Aktywowane fluorescencją sortowanie jąder ujemnych neuronów w połączeniu z sekwencjonowaniem RNA pojedynczych jąder w celu zbadania niszy neurogennej hipokampa

Strategia wykluczania neuronów za pomocą sortowania ujemnego FACS generuje wysokiej jakości wskaźniki sekwencjonowania RNA populacji komórek o niskiej liczebności, takich jak nerwowe komórki macierzyste, astrocyty i oligodendrocyty, w celu zbadania ich roli w modulacji neurogenezy dorosłego hipokampa. Dzięki tej metodzie możliwe jest dostosowanie wyboru przeciwciała w bramkowaniu FACS, co sprawia, że protokół ten jest bardzo wszechstronny w rozwiązywaniu różnych problemów biologicznych związanych z zakrętem zębatym. Metoda ta ma na celu przede wszystkim zbadanie niszy hipokampa u dorosłych.
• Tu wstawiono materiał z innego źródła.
lemma generators_subset_corners:
  assumes "finite R"
  shows "generators (record_region R) \<subseteq> corners R"
proof
  fix x assume gen: "x \<in> generators (record_region R)"
  then have x_region: "x \<in> record_region R" unfolding generators_def by simp
  have "\<exists>r\<in>R. x$j = r$j \<and> (\<forall>k. k \<noteq> j \<longrightarrow> x$k < r$k)" if pos: "0 < x$j" for j
  proof -
    obtain r where r: "r \<in> R" "x$j \<le> r$j" "\<forall>k. k \<noteq> j \<longrightarrow> x$k < r$k"
      using generator_coordinate_blocked[OF assms gen pos] by blast
    have "\<not> strict_below x r" using x_region r(1) unfolding record_region_def by blast
    then obtain k where k: "\<not> x$k < r$k" unfolding strict_below_def by blast
    then have "k = j" using r(3) by blast
    then have "x$j = r$j" using r(2) k by simp
    then show ?thesis using r by blast
  qed
  then show "x \<in> corners R" using x_region unfolding corners_def by blast
qed

lemma corners_subset_generators: "corners R \<subseteq> generators (record_region R)"
proof
  fix x assume "x \<in> corners R"
  then have x_region: "x \<in> record_region R"
    and pinned: "\<And>j. 0 < x$j \<Longrightarrow> \<exists>r\<in>R. x$j = r$j \<and> (\<forall>k. k \<noteq> j \<longrightarrow> x$k < r$k)"
    unfolding corners_def by auto
  have "y = x" if y_region: "y \<in> record_region R" and yx: "weak_below y x" for y
  proof -
    have "y$j = x$j" for j
    proof (cases "0 < x$j")
      case True
      then obtain r where r: "r \<in> R" "x$j = r$j" "\<forall>k. k \<noteq> j \<longrightarrow> x$k < r$k"
        using pinned by blast
      have y_le: "y$k \<le> x$k" for k using yx unfolding weak_below_def by blast
      show ?thesis
      proof (rule ccontr)
        assume "y$j \<noteq> x$j"
        then have "y$j < r$j" using y_le[of j] r(2) by simp
        then have "y$k < r$k" for k using y_le[of k] r(3) by (cases "k = j") auto
        then have "strict_below y r" unfolding strict_below_def by blast
        then show False using y_region r(1) unfolding record_region_def by blast
      qed
    next
      case False
      moreover have "0 \<le> y$j" using y_region unfolding record_region_def by blast
      moreover have "y$j \<le> x$j" using yx unfolding weak_below_def by blast
      ultimately show ?thesis by simp
    qed
    then show ?thesis by (simp add: vec_eq_iff)
  qed
  then show "x \<in> generators (record_region R)" using x_region unfolding generators_def by blast
qed

lemma generators_record_region_eq_corners:
  "finite R \<Longrightarrow> generators (record_region R) = corners R"
  using generators_subset_corners corners_subset_generators by blast

lemma mem_corners_iff: "x \<in> corners R \<longleftrightarrow>
  (0 \<le> x$1 \<and> x$1 < 1 \<and> 0 \<le> x$2 \<and> x$2 < 1 \<and> 0 \<le> x$3 \<and> x$3 < 1) \<and>
  (\<forall>r\<in>R. \<not> (x$1 < r$1 \<and> x$2 < r$2 \<and> x$3 < r$3)) \<and>
  (0 < x$1 \<longrightarrow> (\<exists>r\<in>R. x$1 = r$1 \<and> x$2 < r$2 \<and> x$3 < r$3)) \<and>
  (0 < x$2 \<longrightarrow> (\<exists>r\<in>R. x$2 = r$2 \<and> x$1 < r$1 \<and> x$3 < r$3)) \<and>
  (0 < x$3 \<longrightarrow> (\<exists>r\<in>R. x$3 = r$3 \<and> x$1 < r$1 \<and> x$2 < r$2))"
  unfolding corners_def record_region_def strict_below_def mem_Collect_eq forall_3
  by (simp add: conj_ac)

lemma corners_empty: "corners {} = {0}"
proof (intro set_eqI iffI)
  fix x assume "x \<in> corners {}"
  then have "0 \<le> x$j" "\<not> 0 < x$j" for j unfolding corners_def record_region_def by auto
  then have "x$j = 0" for j by (meson order.antisym not_less)
  then show "x \<in> {0}" by (simp add: vec_eq_iff)
next
  fix x :: "real^3" assume "x \<in> {0}"
  then show "x \<in> corners {}" unfolding corners_def record_region_def by simp
qed

lemma corners_height: "x \<in> corners R \<Longrightarrow> 0 < x$3 \<Longrightarrow> \<exists>r\<in>R. x$3 = r$3"
  unfolding corners_def by (auto dest: spec[where x = 3])

lemma finite_corners:
  assumes "finite R"
  shows "finite (corners R)"
proof -
  let ?F = "insert 0 ((\<lambda>(r, j). r$j) ` (R \<times> UNIV))"
  have "corners R \<subseteq> (\<lambda>(a, b, c). vector [a, b, c]) ` (?F \<times> ?F \<times> ?F)"
  proof
    fix x assume x: "x \<in> corners R"
    have "x$j \<in> ?F" for j
    proof (cases "0 < x$j")
      case True
      then obtain r where "r \<in> R" "x$j = r$j"
        using x unfolding corners_def by (auto dest: spec[where x = j])
      then show ?thesis by (auto intro!: image_eqI[where x = "(r, j)"])
    next
      case False
      then show ?thesis using x unfolding corners_def record_region_def by (simp add: not_less order.antisym)
    qed
    moreover have "x = vector [x$1, x$2, x$3]" by (simp add: vec_eq_iff forall_3)
    ultimately show "x \<in> (\<lambda>(a, b, c). vector [a, b, c]) ` (?F \<times> ?F \<times> ?F)"
      by (intro image_eqI[where x = "(x$1, x$2, x$3)"]) auto
  qed
  then show ?thesis by (rule finite_subset) (use assms in auto)
qed

definition planar_corners :: "(real \<times> real) set \<Rightarrow> (real \<times> real) set" where
  "planar_corners P = {y. 0 \<le> fst y \<and> fst y < 1 \<and> 0 \<le> snd y \<and> snd y < 1 \<and>
     (\<forall>z\<in>P. fst z \<le> fst y \<or> snd z \<le> snd y) \<and>
     (0 < fst y \<longrightarrow> (\<exists>z\<in>P. fst y = fst z \<and> snd y < snd z)) \<and>
     (0 < snd y \<longrightarrow> (\<exists>z\<in>P. snd y = snd z \<and> fst y < fst z))}"

lemma finite_planar_corners:
  assumes "finite P"
  shows "finite (planar_corners P)"
proof -
  let ?F = "insert 0 (fst ` P \<union> snd ` P)"
  have "planar_corners P \<subseteq> ?F \<times> ?F"
  proof
    fix y assume y: "y \<in> planar_corners P"
    have "fst y \<in> ?F"
    proof (cases "0 < fst y")
      case True
      then obtain z where "z \<in> P" "fst y = fst z" using y unfolding planar_corners_def by blast
      then show ?thesis by simp
    qed (use y in \<open>simp add: planar_corners_def\<close>)
    moreover have "snd y \<in> ?F"
    proof (cases "0 < snd y")
      case True
      then obtain z where "z \<in> P" "snd y = snd z" using y unfolding planar_corners_def by blast
      then show ?thesis by simp
    qed (use y in \<open>simp add: planar_corners_def\<close>)
    ultimately show "y \<in> ?F \<times> ?F" by (simp only: mem_Times_iff)
  qed
  then show ?thesis by (rule finite_subset) (use assms in auto)
qed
Można go jednak łatwo zaadaptować do badania innych nisz komórek macierzystych. Procedurę zademonstruje Sara Ahmed de Prado, stażystka podoktorska w Instytucie Francisa Cricka. Na początek przenieś mózg wypreparowany z myszy poddanej eutanazji na 10-centymetrową szalkę Petriego wypełnioną lodowatym PBS.

Następnie umieść szalkę Petriego na lodzie i przetnij mózg na dwie połowy wzdłuż osi strzałkowej. Za pomocą skalpela usuń móżdżek. Przenieś jedną połowę mózgu na nową, 10-centymetrową szalkę Petriego umieszczoną na lodzie, zawierającą lodowaty PBS.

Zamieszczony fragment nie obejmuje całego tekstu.